(TASK DESCRIPTION): Reproduce all the entries precisely.

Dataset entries
***

(* For any two cylindric partitions $\alpha,\beta$ on $\mathcal C_{k,n}$ and variable sets $\mathbf x=(x_a)_{a\in A}$, $\mathbf y=(y_a)_{a\in A}$, \[ \sum_{\substack{\mu\in\operatorname{Cylpar};\\ \mu\subseteq\alpha;\ \mu\subseteq\beta}} s_{\alpha/\mu}(\mathbf x)\,s_{\beta/\mu}(\mathbf y)=\sum_{\substack{\lambda\in\operatorname{Cylpar};\\ \alpha\subseteq\lambda;\ \beta\subseteq\lambda}} s_{\lambda/\beta}(\mathbf x)\,s_{\lambda/\alpha}(\mathbf y). \]
   Context: Fix integers $n>k\ge 1$. A cylindric partition is a weakly decreasing sequence $(\lambda_m)_{m\in\mathbb Z}$ of integers with $\lambda_m=\lambda_{m+k}+n-k$ for all $m$; $\operatorname{Cylpar}$ is the set of cylindric partitions. A point $(x,y)\in\mathbb Z^2$ lies in $\lambda$ if $y\le\lambda_x$. A box is an equivalence class of points modulo translation by integer multiples of $(-k,n-k)$; $\pi$ is the projection; a box lies in $\lambda$ iff its representatives do. $\mu\subseteq\lambda$ means $\mu_m\le\lambda_m$ for all $m$; the boxes of $\lambda/\mu$ are the (finitely many) boxes in $\lambda$ not in $\mu$. Fix a totally ordered alphabet $A$. A semistandard cylindric tableau of shape $\lambda/\mu$ is a map $R$ from the boxes of $\lambda/\mu$ to $A$ such that $R(\pi(x,y_1))\le R(\pi(x,y_2))$ whenever the points $(x,y_1),(x,y_2)$ lie in $\lambda$ but not in $\mu$ and $y_1<y_2$, and $R(\pi(x_1,y))<R(\pi(x_2,y))$ whenever $(x_1,y),(x_2,y)$ lie in $\lambda$ but not $\mu$ and $x_1<x_2$. $\operatorname{SSCT}(\lambda/\mu)$ is the set of these. For a variable set $\mathbf x=(x_a)_{a\in A}$ (distinct commuting indeterminates), $\mathbf x^{\operatorname{wt}(R)}=\prod_{B}x_{R(B)}$ over the boxes $B$ of $\lambda/\mu$, and the cylindric Schur function is $s_{\lambda/\mu}(\mathbf x)=\sum_{R\in\operatorname{SSCT}(\lambda/\mu)}\mathbf x^{\operatorname{wt}(R)}$. The identity is an identity of formal power series in $\mathbf x,\mathbf y$. *)

theory Defs
  imports Main "HOL-Library.FuncSet"
begin

definition cylpar :: "int \<Rightarrow> int \<Rightarrow> (int \<Rightarrow> int) set" where
  "cylpar k n = {lam. (\<forall>m. lam (m + 1) \<le> lam m) \<and> (\<forall>m. lam m = lam (m + k) + (n - k))}"

definition in_cp :: "(int \<Rightarrow> int) \<Rightarrow> int \<times> int \<Rightarrow> bool" where
  "in_cp lam p \<longleftrightarrow> snd p \<le> lam (fst p)"

text \<open>The box (projection pi) of a point: its class modulo translation by
  integer multiples of (-k, n-k).\<close>
definition cbox :: "int \<Rightarrow> int \<Rightarrow> int \<times> int \<Rightarrow> (int \<times> int) set" where
  "cbox k n p = {(fst p - j * k, snd p + j * (n - k)) | j. True}"

definition skew_boxes :: "int \<Rightarrow> int \<Rightarrow> (int \<Rightarrow> int) \<Rightarrow> (int \<Rightarrow> int) \<Rightarrow> (int \<times> int) set set" where
  "skew_boxes k n lam mu = cbox k n ` {p. in_cp lam p \<and> \<not> in_cp mu p}"

definition ssct :: "int \<Rightarrow> int \<Rightarrow> (int \<Rightarrow> int) \<Rightarrow> (int \<Rightarrow> int) \<Rightarrow> ((int \<times> int) set \<Rightarrow> 'a::linorder) set" where
  "ssct k n lam mu = {R. R \<in> extensional (skew_boxes k n lam mu) \<and>
     (\<forall>x y1 y2. in_cp lam (x, y1) \<and> \<not> in_cp mu (x, y1) \<and> in_cp lam (x, y2) \<and> \<not> in_cp mu (x, y2)
        \<and> y1 < y2 \<longrightarrow> R (cbox k n (x, y1)) \<le> R (cbox k n (x, y2))) \<and>
     (\<forall>x1 x2 y. in_cp lam (x1, y) \<and> \<not> in_cp mu (x1, y) \<and> in_cp lam (x2, y) \<and> \<not> in_cp mu (x2, y)
        \<and> x1 < x2 \<longrightarrow> R (cbox k n (x1, y)) < R (cbox k n (x2, y)))}"

definition tab_wt :: "int \<Rightarrow> int \<Rightarrow> (int \<Rightarrow> int) \<Rightarrow> (int \<Rightarrow> int) \<Rightarrow> ((int \<times> int) set \<Rightarrow> 'a) \<Rightarrow> 'a \<Rightarrow> nat" where
  "tab_wt k n lam mu R a = card {B \<in> skew_boxes k n lam mu. R B = a}"

text \<open>Cylindric Schur function s_{lam/mu}, as a formal power series given by its
  coefficient function: the coefficient of the monomial with exponent vector e.\<close>
definition cyl_schur :: "int \<Rightarrow> int \<Rightarrow> (int \<Rightarrow> int) \<Rightarrow> (int \<Rightarrow> int) \<Rightarrow> ('a::linorder \<Rightarrow> nat) \<Rightarrow> nat" where
  "cyl_schur k n lam mu e = card {R \<in> ssct k n lam mu. tab_wt k n lam mu R = e}"

end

***

(REPLY TO THE EXERCISE):
(* For any two cylindric partitions $\alpha,\beta$ on $\mathcal C_{k,n}$ and variable sets $\mathbf x=(x_a)_{a\in A}$, $\mathbf y=(y_a)_{a\in A}$, \[ \sum_{\substack{\mu\in\operatorname{Cylpar};\\ \mu\subseteq\alpha;\ \mu\subseteq\beta}} s_{\alpha/\mu}(\mathbf x)\,s_{\beta/\mu}(\mathbf y)=\sum_{\substack{\lambda\in\operatorname{Cylpar};\\ \alpha\subseteq\lambda;\ \beta\subseteq\lambda}} s_{\lambda/\beta}(\mathbf x)\,s_{\lambda/\alpha}(\mathbf y). \]
   Context: Fix integers $n>k\ge 1$. A cylindric partition is a weakly decreasing sequence $(\lambda_m)_{m\in\mathbb Z}$ of integers with $\lambda_m=\lambda_{m+k}+n-k$ for all $m$; $\operatorname{Cylpar}$ is the set of cylindric partitions. A point $(x,y)\in\mathbb Z^2$ lies in $\lambda$ if $y\le\lambda_x$. A box is an equivalence class of points modulo translation by integer multiples of $(-k,n-k)$; $\pi$ is the projection; a box lies in $\lambda$ iff its representatives do. $\mu\subseteq\lambda$ means $\mu_m\le\lambda_m$ for all $m$; the boxes of $\lambda/\mu$ are the (finitely many) boxes in $\lambda$ not in $\mu$. Fix a totally ordered alphabet $A$. A semistandard cylindric tableau of shape $\lambda/\mu$ is a map $R$ from the boxes of $\lambda/\mu$ to $A$ such that $R(\pi(x,y_1))\le R(\pi(x,y_2))$ whenever the points $(x,y_1),(x,y_2)$ lie in $\lambda$ but not in $\mu$ and $y_1<y_2$, and $R(\pi(x_1,y))<R(\pi(x_2,y))$ whenever $(x_1,y),(x_2,y)$ lie in $\lambda$ but not $\mu$ and $x_1<x_2$. $\operatorname{SSCT}(\lambda/\mu)$ is the set of these. For a variable set $\mathbf x=(x_a)_{a\in A}$ (distinct commuting indeterminates), $\mathbf x^{\operatorname{wt}(R)}=\prod_{B}x_{R(B)}$ over the boxes $B$ of $\lambda/\mu$, and the cylindric Schur function is $s_{\lambda/\mu}(\mathbf x)=\sum_{R\in\operatorname{SSCT}(\lambda/\mu)}\mathbf x^{\operatorname{wt}(R)}$. The identity is an identity of formal power series in $\mathbf x,\mathbf y$. *)

theory Defs
  imports Main "HOL-Library.FuncSet"
begin

definition cylpar :: "int \<Rightarrow> int \<Rightarrow> (int \<Rightarrow> int) set" where
  "cylpar k n = {lam. (\<forall>m. lam (m + 1) \<le> lam m) \<and> (\<forall>m. lam m = lam (m + k) + (n - k))}"

definition in_cp :: "(int \<Rightarrow> int) \<Rightarrow> int \<times> int \<Rightarrow> bool" where
  "in_cp lam p \<longleftrightarrow> snd p \<le> lam (fst p)"

text \<open>The box (projection pi) of a point: its class modulo translation by
  integer multiples of (-k, n-k).\<close>
definition cbox :: "int \<Rightarrow> int \<Rightarrow> int \<times> int \<Rightarrow> (int \<times> int) set" where
  "cbox k n p = {(fst p - j * k, snd p + j * (n - k)) | j. True}"

definition skew_boxes :: "int \<Rightarrow> int \<Rightarrow> (int \<Rightarrow> int) \<Rightarrow> (int \<Rightarrow> int) \<Rightarrow> (int \<times> int) set set" where
  "skew_boxes k n lam mu = cbox k n ` {p. in_cp lam p \<and> \<not> in_cp mu p}"

definition ssct :: "int \<Rightarrow> int \<Rightarrow> (int \<Rightarrow> int) \<Rightarrow> (int \<Rightarrow> int) \<Rightarrow> ((int \<times> int) set \<Rightarrow> 'a::linorder) set" where
  "ssct k n lam mu = {R. R \<in> extensional (skew_boxes k n lam mu) \<and>
     (\<forall>x y1 y2. in_cp lam (x, y1) \<and> \<not> in_cp mu (x, y1) \<and> in_cp lam (x, y2) \<and> \<not> in_cp mu (x, y2)
        \<and> y1 < y2 \<longrightarrow> R (cbox k n (x, y1)) \<le> R (cbox k n (x, y2))) \<and>
     (\<forall>x1 x2 y. in_cp lam (x1, y) \<and> \<not> in_cp mu (x1, y) \<and> in_cp lam (x2, y) \<and> \<not> in_cp mu (x2, y)
        \<and> x1 < x2 \<longrightarrow> R (cbox k n (x1, y)) < R (cbox k n (x2, y)))}"

definition tab_wt :: "int \<Rightarrow> int \<Rightarrow> (int \<Rightarrow> int) \<Rightarrow> (int \<Rightarrow> int) \<Rightarrow> ((int \<times> int) set \<Rightarrow> 'a) \<Rightarrow> 'a \<Rightarrow> nat" where
  "tab_wt k n lam mu R a = card {B \<in> skew_boxes k n lam mu. R B = a}"

text \<open>Cylindric Schur function s_{lam/mu}, as a formal power series given by its
  coefficient function: the coefficient of the monomial with exponent vector e.\<close>
definition cyl_schur :: "int \<Rightarrow> int \<Rightarrow> (int \<Rightarrow> int) \<Rightarrow> (int \<Rightarrow> int) \<Rightarrow> ('a::linorder \<Rightarrow> nat) \<Rightarrow> nat" where
  "cyl_schur k n lam mu e = card {R \<in> ssct k n lam mu. tab_wt k n lam mu R = e}"

end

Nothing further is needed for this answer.